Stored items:
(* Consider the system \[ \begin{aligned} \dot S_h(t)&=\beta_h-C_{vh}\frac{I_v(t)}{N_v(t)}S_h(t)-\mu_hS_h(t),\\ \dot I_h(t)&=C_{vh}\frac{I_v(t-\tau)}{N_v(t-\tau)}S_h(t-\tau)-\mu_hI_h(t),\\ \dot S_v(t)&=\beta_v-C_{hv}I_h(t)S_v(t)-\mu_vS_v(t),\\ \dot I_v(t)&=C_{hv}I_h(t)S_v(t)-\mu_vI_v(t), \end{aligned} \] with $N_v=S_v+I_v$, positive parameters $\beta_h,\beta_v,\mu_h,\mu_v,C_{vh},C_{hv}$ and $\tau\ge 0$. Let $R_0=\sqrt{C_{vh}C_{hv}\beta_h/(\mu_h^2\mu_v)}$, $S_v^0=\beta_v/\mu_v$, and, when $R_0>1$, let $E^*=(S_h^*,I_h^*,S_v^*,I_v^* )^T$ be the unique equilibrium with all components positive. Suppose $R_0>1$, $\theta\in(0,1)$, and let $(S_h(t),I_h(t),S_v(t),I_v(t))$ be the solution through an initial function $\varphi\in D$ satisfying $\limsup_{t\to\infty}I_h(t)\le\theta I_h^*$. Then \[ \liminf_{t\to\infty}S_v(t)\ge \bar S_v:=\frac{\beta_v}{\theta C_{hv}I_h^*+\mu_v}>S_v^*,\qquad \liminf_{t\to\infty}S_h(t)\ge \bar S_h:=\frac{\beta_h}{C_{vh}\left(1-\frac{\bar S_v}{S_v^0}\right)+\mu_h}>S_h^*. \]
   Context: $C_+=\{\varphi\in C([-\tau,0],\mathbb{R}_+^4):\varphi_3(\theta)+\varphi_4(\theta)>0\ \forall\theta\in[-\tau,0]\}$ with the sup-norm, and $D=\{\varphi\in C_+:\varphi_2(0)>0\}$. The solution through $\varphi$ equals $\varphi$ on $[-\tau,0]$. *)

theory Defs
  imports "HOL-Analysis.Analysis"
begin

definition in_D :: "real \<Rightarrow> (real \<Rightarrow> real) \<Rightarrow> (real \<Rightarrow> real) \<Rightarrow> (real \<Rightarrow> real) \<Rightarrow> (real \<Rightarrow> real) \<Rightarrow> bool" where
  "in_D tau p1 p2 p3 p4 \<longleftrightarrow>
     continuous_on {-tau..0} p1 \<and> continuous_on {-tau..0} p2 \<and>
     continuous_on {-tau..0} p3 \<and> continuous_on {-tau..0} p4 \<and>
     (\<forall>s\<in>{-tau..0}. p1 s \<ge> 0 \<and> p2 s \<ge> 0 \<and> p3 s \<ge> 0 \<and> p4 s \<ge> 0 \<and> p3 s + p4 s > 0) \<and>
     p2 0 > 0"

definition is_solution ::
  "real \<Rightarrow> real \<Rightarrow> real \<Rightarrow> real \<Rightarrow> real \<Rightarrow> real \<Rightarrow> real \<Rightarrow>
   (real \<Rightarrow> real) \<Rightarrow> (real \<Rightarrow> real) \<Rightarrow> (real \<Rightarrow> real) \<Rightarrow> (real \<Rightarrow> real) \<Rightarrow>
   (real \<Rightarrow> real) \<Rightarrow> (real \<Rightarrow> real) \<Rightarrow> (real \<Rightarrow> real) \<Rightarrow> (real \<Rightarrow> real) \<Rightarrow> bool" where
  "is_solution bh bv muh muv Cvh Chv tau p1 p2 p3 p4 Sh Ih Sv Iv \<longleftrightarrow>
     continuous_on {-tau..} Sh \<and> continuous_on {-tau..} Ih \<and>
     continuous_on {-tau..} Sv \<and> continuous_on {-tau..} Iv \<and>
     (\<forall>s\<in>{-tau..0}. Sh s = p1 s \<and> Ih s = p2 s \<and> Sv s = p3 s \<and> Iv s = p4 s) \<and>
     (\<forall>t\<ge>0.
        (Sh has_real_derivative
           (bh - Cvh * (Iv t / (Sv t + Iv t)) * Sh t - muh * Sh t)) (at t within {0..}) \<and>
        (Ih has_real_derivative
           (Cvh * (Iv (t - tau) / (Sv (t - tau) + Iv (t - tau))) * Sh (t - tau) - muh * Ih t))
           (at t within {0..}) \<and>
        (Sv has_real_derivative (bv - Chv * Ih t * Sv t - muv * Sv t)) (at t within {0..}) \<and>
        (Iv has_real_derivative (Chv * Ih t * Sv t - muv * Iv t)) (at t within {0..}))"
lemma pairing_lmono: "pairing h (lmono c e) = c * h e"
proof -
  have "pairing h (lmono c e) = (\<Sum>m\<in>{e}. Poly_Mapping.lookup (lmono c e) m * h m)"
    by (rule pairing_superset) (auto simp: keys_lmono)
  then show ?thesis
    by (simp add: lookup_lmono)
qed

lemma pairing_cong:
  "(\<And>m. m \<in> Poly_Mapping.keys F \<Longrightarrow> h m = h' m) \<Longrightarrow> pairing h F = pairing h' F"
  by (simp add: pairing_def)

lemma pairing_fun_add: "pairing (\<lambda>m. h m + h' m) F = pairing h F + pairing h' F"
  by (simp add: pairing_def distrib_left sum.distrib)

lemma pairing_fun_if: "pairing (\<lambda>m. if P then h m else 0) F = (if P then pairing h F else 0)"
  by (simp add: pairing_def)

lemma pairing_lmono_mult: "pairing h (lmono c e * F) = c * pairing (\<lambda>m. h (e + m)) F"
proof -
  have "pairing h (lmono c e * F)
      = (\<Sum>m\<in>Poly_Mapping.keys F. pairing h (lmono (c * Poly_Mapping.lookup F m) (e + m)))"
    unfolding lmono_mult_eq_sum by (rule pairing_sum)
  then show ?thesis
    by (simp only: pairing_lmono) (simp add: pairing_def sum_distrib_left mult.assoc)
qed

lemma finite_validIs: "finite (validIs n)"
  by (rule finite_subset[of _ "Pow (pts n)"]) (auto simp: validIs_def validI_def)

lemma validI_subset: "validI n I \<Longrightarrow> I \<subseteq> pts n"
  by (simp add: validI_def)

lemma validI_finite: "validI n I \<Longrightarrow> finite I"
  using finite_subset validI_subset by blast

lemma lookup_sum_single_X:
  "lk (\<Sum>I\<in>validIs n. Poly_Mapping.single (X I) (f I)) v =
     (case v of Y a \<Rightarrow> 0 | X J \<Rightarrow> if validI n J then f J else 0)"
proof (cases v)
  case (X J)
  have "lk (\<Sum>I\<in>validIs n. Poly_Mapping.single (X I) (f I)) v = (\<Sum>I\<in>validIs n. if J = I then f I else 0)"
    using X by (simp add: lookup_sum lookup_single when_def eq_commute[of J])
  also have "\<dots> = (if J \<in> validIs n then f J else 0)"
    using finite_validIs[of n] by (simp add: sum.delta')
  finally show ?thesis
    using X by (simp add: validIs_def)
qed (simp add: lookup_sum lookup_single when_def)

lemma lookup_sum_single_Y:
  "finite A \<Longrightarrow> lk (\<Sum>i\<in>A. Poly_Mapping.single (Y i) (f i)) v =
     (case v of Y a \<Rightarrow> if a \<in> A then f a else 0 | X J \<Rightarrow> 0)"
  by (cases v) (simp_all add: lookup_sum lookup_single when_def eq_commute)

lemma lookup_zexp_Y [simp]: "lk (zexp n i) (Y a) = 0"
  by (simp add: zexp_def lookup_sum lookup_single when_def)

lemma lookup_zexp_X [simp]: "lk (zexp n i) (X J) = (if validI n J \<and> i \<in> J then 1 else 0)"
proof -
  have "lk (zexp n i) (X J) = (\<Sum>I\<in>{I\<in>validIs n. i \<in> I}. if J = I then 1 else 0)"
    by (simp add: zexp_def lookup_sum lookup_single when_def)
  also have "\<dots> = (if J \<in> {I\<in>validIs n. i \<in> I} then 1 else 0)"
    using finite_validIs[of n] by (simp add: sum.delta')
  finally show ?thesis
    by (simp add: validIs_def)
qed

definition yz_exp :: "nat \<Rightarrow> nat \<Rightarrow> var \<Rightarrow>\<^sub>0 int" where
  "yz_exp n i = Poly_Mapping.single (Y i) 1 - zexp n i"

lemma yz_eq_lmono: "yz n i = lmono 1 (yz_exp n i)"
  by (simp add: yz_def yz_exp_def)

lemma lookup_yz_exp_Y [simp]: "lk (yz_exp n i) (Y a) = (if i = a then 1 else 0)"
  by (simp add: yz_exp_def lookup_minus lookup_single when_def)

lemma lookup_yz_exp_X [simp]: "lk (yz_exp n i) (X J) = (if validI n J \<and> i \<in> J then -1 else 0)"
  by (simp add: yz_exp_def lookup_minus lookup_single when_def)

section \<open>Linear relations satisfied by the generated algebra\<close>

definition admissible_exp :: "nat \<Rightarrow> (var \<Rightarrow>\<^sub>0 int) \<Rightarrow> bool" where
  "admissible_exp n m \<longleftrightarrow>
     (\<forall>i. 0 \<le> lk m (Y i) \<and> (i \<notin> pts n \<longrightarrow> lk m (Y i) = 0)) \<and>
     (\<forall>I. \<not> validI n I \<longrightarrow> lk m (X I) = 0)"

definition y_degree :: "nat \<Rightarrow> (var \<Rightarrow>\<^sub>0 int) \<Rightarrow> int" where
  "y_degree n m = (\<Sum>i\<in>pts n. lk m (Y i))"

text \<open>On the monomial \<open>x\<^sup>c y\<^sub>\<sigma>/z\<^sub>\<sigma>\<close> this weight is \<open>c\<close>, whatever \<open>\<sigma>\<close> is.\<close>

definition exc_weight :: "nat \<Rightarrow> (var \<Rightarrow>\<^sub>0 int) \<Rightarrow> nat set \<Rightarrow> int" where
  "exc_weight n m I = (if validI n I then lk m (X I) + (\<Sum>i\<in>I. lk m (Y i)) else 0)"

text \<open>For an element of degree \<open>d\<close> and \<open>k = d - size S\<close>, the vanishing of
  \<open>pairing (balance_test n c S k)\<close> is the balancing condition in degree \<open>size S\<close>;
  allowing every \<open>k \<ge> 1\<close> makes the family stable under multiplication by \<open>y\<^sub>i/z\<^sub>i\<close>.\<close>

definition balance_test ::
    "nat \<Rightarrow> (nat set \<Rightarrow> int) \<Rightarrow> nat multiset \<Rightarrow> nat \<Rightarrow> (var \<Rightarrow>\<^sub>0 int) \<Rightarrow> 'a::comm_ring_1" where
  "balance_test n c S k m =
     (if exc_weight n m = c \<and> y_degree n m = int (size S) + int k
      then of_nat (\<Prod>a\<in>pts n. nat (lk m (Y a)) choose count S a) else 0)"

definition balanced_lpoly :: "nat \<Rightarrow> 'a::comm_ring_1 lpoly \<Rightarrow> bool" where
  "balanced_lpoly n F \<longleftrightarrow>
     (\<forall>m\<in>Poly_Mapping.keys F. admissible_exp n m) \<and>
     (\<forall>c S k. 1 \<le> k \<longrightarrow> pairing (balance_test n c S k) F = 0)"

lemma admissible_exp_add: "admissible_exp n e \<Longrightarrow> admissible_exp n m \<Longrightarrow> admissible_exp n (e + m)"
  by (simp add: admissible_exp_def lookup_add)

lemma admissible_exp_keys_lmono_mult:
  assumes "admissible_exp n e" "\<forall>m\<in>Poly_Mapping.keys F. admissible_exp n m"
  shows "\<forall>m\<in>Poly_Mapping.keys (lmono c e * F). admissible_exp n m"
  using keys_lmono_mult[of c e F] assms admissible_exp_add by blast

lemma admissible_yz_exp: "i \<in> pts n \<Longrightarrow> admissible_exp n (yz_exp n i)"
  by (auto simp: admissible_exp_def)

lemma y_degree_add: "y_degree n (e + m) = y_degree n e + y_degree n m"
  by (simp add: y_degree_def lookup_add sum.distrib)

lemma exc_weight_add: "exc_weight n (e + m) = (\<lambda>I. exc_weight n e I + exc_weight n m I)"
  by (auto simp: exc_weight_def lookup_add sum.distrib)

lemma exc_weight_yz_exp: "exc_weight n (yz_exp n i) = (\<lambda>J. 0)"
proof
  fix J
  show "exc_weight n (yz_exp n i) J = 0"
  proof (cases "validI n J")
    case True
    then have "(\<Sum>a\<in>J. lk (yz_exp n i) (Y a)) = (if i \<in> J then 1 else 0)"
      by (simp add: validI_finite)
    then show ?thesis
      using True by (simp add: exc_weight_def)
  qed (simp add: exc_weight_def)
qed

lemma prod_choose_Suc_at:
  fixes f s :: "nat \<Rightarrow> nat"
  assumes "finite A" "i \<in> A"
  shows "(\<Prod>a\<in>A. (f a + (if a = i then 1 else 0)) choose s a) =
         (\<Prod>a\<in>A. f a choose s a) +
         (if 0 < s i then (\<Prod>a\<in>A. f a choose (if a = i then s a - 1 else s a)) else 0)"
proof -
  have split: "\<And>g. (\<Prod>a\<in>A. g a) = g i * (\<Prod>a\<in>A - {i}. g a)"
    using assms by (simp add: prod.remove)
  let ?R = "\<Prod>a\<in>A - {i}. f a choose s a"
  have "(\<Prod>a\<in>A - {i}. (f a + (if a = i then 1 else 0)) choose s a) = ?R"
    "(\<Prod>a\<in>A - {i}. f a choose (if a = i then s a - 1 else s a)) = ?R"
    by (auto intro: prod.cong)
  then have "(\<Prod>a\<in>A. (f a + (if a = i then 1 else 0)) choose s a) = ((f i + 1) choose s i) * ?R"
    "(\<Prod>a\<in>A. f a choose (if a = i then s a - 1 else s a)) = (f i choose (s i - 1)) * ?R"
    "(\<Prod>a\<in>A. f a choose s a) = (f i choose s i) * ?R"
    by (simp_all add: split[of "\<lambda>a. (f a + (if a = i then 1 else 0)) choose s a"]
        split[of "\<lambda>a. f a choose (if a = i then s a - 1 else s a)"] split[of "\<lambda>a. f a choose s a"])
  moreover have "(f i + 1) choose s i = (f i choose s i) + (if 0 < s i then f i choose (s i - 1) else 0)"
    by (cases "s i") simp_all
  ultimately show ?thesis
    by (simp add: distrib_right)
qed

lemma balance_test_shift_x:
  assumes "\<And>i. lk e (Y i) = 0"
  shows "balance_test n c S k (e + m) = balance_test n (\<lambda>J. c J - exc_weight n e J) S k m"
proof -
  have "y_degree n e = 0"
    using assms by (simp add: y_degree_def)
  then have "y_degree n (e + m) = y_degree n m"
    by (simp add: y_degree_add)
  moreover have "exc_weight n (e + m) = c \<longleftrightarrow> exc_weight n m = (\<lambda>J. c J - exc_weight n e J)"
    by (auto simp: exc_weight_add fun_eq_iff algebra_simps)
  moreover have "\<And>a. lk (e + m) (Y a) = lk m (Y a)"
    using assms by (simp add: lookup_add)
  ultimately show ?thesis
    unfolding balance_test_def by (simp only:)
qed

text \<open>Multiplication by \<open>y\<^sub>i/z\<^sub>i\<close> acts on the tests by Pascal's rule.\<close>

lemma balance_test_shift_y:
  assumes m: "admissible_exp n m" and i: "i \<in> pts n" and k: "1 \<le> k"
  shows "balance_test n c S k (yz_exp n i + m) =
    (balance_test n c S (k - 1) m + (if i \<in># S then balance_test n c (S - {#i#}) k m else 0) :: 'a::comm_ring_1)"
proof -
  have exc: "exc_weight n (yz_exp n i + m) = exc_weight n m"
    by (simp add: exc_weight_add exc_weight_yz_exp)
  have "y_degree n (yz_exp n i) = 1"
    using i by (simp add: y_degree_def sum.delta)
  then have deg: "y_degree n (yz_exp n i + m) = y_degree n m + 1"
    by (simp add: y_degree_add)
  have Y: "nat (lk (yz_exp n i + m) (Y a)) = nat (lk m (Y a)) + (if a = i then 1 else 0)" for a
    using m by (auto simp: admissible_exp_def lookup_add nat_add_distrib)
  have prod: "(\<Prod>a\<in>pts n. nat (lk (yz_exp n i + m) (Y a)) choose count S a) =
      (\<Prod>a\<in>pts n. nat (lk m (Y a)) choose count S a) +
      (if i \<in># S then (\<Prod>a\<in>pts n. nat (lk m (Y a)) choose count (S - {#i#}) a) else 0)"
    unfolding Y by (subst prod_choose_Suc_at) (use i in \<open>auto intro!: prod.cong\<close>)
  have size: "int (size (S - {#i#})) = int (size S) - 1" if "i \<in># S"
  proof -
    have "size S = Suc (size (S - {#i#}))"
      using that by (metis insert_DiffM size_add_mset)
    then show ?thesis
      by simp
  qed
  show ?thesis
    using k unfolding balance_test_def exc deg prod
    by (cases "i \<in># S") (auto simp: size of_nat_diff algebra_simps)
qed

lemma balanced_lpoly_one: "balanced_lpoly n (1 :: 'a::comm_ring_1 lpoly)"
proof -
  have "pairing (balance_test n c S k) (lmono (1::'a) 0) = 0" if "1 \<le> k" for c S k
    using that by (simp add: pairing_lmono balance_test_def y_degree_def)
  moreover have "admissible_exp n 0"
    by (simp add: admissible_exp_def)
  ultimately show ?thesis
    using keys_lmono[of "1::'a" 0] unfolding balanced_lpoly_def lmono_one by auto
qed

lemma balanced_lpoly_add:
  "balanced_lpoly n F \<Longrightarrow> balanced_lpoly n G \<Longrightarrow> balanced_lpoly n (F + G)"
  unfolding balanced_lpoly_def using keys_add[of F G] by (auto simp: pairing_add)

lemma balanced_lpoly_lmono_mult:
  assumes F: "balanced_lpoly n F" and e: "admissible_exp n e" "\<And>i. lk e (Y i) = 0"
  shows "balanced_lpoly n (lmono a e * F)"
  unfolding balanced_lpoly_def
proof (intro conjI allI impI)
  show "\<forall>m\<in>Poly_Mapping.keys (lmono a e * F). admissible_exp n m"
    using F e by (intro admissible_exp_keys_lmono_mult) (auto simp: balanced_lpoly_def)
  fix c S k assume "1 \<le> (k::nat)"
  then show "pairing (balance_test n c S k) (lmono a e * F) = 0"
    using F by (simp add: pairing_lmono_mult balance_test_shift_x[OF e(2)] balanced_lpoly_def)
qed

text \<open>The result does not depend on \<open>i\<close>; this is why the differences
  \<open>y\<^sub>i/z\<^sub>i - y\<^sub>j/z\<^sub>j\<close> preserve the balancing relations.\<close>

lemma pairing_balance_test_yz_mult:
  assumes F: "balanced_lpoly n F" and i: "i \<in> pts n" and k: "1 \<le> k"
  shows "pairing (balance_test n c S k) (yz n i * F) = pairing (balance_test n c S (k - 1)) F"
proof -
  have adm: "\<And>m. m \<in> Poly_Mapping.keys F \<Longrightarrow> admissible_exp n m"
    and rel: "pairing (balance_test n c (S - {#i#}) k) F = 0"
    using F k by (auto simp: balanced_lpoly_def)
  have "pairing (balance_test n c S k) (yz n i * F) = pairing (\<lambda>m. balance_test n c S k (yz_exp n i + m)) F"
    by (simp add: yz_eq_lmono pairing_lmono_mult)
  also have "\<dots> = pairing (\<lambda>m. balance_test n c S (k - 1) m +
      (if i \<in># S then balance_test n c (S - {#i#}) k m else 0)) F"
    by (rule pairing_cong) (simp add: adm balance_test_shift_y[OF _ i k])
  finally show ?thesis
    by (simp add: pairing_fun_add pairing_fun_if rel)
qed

■ **What is needed**:
Could you reproduce exactly the lines of the entries above, from the one with "(balance_test n c (S" through the one with "k m else 0))", and nothing else?

■ **Your solution**:
    and rel: "pairing (balance_test n c (S - {#i#}) k) F = 0"
    using F k by (auto simp: balanced_lpoly_def)
  have "pairing (balance_test n c S k) (yz n i * F) = pairing (\<lambda>m. balance_test n c S k (yz_exp n i + m)) F"
    by (simp add: yz_eq_lmono pairing_lmono_mult)
  also have "\<dots> = pairing (\<lambda>m. balance_test n c S (k - 1) m +
      (if i \<in># S then balance_test n c (S - {#i#}) k m else 0)) F"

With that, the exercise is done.